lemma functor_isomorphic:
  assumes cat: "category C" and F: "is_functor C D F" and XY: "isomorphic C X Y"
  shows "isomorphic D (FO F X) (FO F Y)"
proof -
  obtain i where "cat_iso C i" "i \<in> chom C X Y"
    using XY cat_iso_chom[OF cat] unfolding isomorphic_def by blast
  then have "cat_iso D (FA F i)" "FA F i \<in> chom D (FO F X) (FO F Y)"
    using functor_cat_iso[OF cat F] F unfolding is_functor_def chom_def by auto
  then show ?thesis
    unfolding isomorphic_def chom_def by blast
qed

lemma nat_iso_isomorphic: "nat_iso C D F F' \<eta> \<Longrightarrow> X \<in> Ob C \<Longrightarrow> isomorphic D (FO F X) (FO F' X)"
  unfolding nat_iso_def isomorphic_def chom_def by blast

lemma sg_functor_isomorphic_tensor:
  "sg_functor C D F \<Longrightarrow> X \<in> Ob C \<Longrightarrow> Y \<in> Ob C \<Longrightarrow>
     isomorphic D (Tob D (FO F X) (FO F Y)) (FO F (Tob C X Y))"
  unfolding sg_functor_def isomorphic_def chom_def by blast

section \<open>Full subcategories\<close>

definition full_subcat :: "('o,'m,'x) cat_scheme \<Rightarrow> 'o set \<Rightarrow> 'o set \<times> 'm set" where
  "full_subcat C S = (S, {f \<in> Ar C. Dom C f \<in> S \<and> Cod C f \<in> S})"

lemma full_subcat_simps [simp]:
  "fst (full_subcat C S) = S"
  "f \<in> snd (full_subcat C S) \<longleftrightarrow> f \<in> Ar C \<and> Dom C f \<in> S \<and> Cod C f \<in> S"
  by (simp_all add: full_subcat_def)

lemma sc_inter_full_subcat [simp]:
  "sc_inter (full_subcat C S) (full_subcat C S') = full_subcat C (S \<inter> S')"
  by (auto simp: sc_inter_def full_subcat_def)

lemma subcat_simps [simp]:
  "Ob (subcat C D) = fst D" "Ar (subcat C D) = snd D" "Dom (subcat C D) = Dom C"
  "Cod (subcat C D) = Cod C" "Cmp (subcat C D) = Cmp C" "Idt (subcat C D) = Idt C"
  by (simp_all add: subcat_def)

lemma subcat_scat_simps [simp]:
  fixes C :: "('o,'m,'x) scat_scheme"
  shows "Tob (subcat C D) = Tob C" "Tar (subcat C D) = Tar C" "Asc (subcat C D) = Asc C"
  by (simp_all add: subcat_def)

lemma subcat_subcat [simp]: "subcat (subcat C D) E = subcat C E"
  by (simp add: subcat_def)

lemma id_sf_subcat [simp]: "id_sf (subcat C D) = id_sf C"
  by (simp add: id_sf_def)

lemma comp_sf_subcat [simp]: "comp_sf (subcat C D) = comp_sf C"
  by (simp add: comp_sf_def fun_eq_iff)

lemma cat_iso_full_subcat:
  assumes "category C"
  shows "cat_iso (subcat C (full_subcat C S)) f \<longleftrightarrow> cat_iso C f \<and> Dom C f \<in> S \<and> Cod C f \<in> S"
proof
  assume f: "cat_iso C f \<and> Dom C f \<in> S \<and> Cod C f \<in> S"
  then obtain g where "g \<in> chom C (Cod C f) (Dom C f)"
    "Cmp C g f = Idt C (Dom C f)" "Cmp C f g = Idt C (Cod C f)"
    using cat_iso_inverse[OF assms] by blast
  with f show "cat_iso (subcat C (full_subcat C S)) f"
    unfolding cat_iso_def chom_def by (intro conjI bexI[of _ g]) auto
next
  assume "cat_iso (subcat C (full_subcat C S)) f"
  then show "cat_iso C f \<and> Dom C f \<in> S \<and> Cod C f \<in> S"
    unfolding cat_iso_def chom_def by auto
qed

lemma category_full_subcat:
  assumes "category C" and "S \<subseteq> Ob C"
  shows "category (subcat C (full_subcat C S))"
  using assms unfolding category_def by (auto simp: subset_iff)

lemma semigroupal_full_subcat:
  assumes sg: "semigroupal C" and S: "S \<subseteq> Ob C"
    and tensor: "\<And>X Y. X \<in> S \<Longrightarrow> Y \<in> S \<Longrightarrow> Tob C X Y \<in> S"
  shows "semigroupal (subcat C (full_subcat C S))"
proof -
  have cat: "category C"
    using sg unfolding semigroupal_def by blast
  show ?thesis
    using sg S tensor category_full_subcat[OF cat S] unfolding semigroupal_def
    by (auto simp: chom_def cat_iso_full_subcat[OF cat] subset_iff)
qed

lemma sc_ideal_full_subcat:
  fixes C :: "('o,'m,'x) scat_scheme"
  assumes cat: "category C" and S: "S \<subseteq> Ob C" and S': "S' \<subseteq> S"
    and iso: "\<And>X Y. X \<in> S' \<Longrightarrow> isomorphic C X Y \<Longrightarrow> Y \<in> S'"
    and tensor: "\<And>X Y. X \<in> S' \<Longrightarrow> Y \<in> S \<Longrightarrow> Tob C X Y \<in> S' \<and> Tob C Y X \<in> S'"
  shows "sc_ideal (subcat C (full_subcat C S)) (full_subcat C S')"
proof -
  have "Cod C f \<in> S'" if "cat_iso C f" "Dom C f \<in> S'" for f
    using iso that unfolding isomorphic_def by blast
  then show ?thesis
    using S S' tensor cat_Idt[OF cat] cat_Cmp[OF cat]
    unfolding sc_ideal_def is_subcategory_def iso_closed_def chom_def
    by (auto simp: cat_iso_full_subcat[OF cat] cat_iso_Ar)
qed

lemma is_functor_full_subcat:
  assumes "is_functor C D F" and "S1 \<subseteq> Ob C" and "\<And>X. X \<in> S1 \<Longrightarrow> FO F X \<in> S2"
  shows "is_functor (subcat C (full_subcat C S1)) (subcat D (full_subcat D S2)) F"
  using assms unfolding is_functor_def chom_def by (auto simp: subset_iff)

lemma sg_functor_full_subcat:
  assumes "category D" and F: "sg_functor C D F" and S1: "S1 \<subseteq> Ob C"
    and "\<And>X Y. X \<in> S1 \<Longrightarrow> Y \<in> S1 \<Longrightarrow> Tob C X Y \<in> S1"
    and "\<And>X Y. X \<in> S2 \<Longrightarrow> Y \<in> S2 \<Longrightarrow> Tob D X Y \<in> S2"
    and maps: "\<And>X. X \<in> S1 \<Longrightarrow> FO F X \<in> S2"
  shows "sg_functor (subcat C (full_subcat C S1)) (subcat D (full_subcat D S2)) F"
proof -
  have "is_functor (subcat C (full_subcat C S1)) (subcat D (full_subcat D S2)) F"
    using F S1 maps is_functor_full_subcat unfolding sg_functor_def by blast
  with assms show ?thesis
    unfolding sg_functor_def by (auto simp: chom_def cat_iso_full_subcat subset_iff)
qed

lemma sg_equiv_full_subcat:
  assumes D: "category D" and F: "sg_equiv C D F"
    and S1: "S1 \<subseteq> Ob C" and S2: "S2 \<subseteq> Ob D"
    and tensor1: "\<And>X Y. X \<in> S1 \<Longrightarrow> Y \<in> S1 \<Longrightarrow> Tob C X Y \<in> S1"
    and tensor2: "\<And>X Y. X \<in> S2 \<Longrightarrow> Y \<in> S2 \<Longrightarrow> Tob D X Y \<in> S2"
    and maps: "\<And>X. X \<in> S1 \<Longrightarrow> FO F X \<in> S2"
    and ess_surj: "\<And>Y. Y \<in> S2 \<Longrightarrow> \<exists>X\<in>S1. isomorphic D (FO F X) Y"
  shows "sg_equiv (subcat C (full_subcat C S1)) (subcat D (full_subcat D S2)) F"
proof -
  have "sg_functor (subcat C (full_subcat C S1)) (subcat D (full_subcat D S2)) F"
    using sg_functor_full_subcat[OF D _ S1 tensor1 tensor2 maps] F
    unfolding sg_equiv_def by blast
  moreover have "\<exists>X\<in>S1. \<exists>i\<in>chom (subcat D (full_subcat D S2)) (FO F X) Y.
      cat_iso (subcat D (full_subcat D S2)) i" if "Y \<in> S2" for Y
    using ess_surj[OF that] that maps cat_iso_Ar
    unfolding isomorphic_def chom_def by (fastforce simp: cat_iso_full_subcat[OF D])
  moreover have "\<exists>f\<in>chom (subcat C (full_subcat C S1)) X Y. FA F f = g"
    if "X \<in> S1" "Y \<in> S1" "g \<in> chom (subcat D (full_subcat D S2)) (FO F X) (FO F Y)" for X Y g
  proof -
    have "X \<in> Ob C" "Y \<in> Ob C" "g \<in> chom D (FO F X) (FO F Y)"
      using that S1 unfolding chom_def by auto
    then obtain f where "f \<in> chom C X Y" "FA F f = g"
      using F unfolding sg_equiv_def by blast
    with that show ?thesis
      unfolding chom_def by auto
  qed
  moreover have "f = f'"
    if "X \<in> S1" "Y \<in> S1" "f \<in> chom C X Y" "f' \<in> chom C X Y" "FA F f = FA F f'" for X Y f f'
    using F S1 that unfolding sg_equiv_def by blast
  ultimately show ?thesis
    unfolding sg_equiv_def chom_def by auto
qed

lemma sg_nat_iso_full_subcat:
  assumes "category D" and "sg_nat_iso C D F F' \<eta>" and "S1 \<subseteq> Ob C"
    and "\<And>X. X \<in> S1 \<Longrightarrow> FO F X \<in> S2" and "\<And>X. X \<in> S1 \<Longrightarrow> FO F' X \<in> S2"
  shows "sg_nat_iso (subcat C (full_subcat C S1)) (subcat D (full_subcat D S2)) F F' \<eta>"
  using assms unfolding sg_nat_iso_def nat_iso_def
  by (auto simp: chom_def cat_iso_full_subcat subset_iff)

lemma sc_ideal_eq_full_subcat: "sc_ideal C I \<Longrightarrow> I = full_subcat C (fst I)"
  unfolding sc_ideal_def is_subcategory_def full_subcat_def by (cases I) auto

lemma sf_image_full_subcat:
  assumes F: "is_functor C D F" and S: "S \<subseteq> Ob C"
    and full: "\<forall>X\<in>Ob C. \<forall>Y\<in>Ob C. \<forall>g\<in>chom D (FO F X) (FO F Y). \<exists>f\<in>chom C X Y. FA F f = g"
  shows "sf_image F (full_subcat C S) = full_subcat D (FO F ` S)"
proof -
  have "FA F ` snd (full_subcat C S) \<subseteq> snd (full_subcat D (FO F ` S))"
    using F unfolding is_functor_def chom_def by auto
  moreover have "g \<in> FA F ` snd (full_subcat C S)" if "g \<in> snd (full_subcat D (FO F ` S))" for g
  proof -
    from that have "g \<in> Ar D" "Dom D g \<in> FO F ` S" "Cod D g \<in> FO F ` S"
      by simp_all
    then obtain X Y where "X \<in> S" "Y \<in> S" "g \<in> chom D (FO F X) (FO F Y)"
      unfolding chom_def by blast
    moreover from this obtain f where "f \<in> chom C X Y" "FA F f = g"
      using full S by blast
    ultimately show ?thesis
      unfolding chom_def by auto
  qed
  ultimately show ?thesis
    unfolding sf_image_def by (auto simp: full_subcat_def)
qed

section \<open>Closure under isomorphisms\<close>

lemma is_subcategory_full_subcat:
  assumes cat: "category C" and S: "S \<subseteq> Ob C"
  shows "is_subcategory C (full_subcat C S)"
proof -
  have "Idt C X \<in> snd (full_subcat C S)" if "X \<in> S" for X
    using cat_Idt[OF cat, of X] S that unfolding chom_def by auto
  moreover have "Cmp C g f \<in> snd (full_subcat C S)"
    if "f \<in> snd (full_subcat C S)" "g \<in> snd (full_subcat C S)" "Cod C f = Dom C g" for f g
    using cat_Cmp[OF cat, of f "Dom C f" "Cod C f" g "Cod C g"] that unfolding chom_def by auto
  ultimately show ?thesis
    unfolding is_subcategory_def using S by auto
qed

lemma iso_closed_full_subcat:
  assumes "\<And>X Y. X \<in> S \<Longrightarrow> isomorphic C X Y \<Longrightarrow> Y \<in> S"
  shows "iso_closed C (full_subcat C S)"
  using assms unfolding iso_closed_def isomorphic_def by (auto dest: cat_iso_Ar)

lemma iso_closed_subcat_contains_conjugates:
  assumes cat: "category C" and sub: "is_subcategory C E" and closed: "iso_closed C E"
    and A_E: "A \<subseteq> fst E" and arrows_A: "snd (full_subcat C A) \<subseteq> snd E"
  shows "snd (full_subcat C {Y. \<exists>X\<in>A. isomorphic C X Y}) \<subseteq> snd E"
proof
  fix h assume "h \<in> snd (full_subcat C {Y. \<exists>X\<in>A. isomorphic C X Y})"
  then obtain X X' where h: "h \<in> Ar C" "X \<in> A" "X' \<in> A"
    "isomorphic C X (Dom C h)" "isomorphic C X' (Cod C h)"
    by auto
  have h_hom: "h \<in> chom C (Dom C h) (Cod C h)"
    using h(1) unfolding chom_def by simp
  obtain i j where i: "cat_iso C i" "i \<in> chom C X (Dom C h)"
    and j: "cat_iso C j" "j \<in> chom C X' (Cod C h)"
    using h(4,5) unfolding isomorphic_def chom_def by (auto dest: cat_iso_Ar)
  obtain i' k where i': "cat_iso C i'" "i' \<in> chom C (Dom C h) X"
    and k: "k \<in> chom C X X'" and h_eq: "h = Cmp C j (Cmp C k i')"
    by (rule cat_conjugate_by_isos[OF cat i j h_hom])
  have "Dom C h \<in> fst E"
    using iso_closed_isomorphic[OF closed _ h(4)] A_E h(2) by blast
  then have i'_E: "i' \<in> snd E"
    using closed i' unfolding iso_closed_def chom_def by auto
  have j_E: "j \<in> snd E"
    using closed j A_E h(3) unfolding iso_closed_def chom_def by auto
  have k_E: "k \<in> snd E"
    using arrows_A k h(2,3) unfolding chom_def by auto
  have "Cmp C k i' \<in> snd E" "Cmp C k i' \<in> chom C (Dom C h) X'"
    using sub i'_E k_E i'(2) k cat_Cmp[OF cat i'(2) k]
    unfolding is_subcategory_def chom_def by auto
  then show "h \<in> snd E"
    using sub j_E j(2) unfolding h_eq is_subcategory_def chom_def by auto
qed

● ● ● ● ● ● ●

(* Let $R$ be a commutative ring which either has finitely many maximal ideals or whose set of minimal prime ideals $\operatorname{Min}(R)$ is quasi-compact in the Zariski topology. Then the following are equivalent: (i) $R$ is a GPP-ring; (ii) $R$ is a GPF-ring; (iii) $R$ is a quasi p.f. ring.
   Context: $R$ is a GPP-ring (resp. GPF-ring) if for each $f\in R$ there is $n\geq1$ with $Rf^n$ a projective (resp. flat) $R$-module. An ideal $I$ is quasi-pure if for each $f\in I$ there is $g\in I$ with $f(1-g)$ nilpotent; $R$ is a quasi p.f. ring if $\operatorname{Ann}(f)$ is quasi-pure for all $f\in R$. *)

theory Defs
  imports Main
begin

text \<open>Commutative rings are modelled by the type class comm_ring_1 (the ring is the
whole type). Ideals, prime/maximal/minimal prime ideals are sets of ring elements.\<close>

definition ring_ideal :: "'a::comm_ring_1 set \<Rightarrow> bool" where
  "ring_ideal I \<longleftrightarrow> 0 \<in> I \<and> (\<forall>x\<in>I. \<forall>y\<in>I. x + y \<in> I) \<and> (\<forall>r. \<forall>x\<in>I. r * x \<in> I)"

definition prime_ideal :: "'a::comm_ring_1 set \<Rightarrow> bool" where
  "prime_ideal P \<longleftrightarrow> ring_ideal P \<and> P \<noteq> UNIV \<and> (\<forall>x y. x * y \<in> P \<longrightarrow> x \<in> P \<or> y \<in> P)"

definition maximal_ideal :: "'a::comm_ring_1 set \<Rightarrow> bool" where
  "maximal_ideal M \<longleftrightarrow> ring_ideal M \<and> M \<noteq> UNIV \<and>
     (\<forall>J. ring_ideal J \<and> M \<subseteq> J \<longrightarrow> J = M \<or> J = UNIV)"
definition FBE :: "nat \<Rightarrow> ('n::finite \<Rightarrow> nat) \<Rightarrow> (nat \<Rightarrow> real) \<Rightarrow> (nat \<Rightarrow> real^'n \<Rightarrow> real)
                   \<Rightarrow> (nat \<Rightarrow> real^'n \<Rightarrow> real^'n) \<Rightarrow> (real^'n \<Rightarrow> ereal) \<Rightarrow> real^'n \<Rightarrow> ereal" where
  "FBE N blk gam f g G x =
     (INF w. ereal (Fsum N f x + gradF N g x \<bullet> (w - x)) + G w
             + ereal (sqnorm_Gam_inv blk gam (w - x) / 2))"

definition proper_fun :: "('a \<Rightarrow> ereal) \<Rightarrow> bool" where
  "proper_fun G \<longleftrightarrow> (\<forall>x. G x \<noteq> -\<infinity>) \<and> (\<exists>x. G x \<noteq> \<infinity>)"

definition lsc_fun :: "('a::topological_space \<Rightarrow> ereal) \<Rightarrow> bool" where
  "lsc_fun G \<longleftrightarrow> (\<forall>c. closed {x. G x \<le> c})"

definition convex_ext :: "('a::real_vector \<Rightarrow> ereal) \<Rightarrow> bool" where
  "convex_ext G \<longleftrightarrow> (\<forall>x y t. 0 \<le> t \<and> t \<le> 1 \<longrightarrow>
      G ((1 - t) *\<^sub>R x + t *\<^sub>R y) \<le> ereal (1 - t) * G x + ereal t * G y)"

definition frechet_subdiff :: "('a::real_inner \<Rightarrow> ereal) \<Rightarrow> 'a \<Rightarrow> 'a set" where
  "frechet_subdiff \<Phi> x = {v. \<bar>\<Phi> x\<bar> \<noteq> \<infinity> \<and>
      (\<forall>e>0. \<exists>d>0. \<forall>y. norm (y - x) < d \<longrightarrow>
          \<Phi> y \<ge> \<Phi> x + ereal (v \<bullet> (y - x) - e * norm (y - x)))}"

● ● ● ● ● ● ●

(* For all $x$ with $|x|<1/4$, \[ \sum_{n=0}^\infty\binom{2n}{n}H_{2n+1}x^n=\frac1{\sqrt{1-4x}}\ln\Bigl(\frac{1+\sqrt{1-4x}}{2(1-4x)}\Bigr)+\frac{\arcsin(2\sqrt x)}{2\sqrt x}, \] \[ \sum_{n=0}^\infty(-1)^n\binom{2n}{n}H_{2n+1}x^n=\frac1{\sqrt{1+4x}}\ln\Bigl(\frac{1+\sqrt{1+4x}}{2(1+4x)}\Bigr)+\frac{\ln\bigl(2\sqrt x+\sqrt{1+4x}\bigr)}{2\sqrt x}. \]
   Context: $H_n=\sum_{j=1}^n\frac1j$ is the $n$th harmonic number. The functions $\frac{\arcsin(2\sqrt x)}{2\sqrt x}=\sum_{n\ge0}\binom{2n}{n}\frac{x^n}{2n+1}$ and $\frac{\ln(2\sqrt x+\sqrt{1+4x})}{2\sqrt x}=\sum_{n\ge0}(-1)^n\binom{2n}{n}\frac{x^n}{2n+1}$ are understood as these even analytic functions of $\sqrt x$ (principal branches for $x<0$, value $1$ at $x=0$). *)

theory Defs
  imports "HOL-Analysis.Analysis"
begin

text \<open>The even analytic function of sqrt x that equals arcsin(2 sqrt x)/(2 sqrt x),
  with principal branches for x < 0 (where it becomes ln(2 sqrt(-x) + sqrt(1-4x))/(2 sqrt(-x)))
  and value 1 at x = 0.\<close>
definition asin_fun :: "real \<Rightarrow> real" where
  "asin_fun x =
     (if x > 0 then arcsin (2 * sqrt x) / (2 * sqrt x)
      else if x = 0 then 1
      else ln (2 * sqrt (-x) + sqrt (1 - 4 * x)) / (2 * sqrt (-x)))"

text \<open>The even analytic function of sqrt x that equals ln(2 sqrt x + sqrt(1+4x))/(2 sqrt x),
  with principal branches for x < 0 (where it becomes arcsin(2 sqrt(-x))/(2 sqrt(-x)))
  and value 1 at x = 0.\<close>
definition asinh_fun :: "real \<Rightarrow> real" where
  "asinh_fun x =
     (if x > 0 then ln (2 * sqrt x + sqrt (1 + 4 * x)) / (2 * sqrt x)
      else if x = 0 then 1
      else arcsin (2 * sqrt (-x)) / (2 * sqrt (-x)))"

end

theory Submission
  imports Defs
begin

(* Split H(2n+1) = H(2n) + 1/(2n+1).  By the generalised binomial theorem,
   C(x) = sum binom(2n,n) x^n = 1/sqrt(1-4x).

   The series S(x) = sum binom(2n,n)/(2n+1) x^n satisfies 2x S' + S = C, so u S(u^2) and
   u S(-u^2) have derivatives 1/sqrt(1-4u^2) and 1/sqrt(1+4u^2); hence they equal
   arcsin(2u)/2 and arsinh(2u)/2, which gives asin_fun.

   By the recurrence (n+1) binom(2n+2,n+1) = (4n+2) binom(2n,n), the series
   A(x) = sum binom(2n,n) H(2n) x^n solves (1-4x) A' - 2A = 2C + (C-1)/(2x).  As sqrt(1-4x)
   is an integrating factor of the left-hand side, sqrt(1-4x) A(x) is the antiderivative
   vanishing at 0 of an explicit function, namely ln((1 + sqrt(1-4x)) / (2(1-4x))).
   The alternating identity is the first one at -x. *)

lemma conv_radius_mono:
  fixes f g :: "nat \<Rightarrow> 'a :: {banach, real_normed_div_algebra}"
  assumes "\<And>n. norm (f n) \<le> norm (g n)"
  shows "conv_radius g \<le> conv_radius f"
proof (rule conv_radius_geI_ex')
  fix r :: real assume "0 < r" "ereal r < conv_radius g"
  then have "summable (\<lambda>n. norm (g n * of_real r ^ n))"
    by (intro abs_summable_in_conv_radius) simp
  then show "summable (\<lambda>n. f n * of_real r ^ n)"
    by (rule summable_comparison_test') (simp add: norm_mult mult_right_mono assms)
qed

● ● ● ● ● ● ●

Identify the lines above that contain the word "analytic", then copy them.

OUTPUT OF THE TASK:
   Context: $H_n=\sum_{j=1}^n\frac1j$ is the $n$th harmonic number. The functions $\frac{\arcsin(2\sqrt x)}{2\sqrt x}=\sum_{n\ge0}\binom{2n}{n}\frac{x^n}{2n+1}$ and $\frac{\ln(2\sqrt x+\sqrt{1+4x})}{2\sqrt x}=\sum_{n\ge0}(-1)^n\binom{2n}{n}\frac{x^n}{2n+1}$ are understood as these even analytic functions of $\sqrt x$ (principal branches for $x<0$, value $1$ at $x=0$). *)
text \<open>The even analytic function of sqrt x that equals arcsin(2 sqrt x)/(2 sqrt x),
text \<open>The even analytic function of sqrt x that equals ln(2 sqrt x + sqrt(1+4x))/(2 sqrt x),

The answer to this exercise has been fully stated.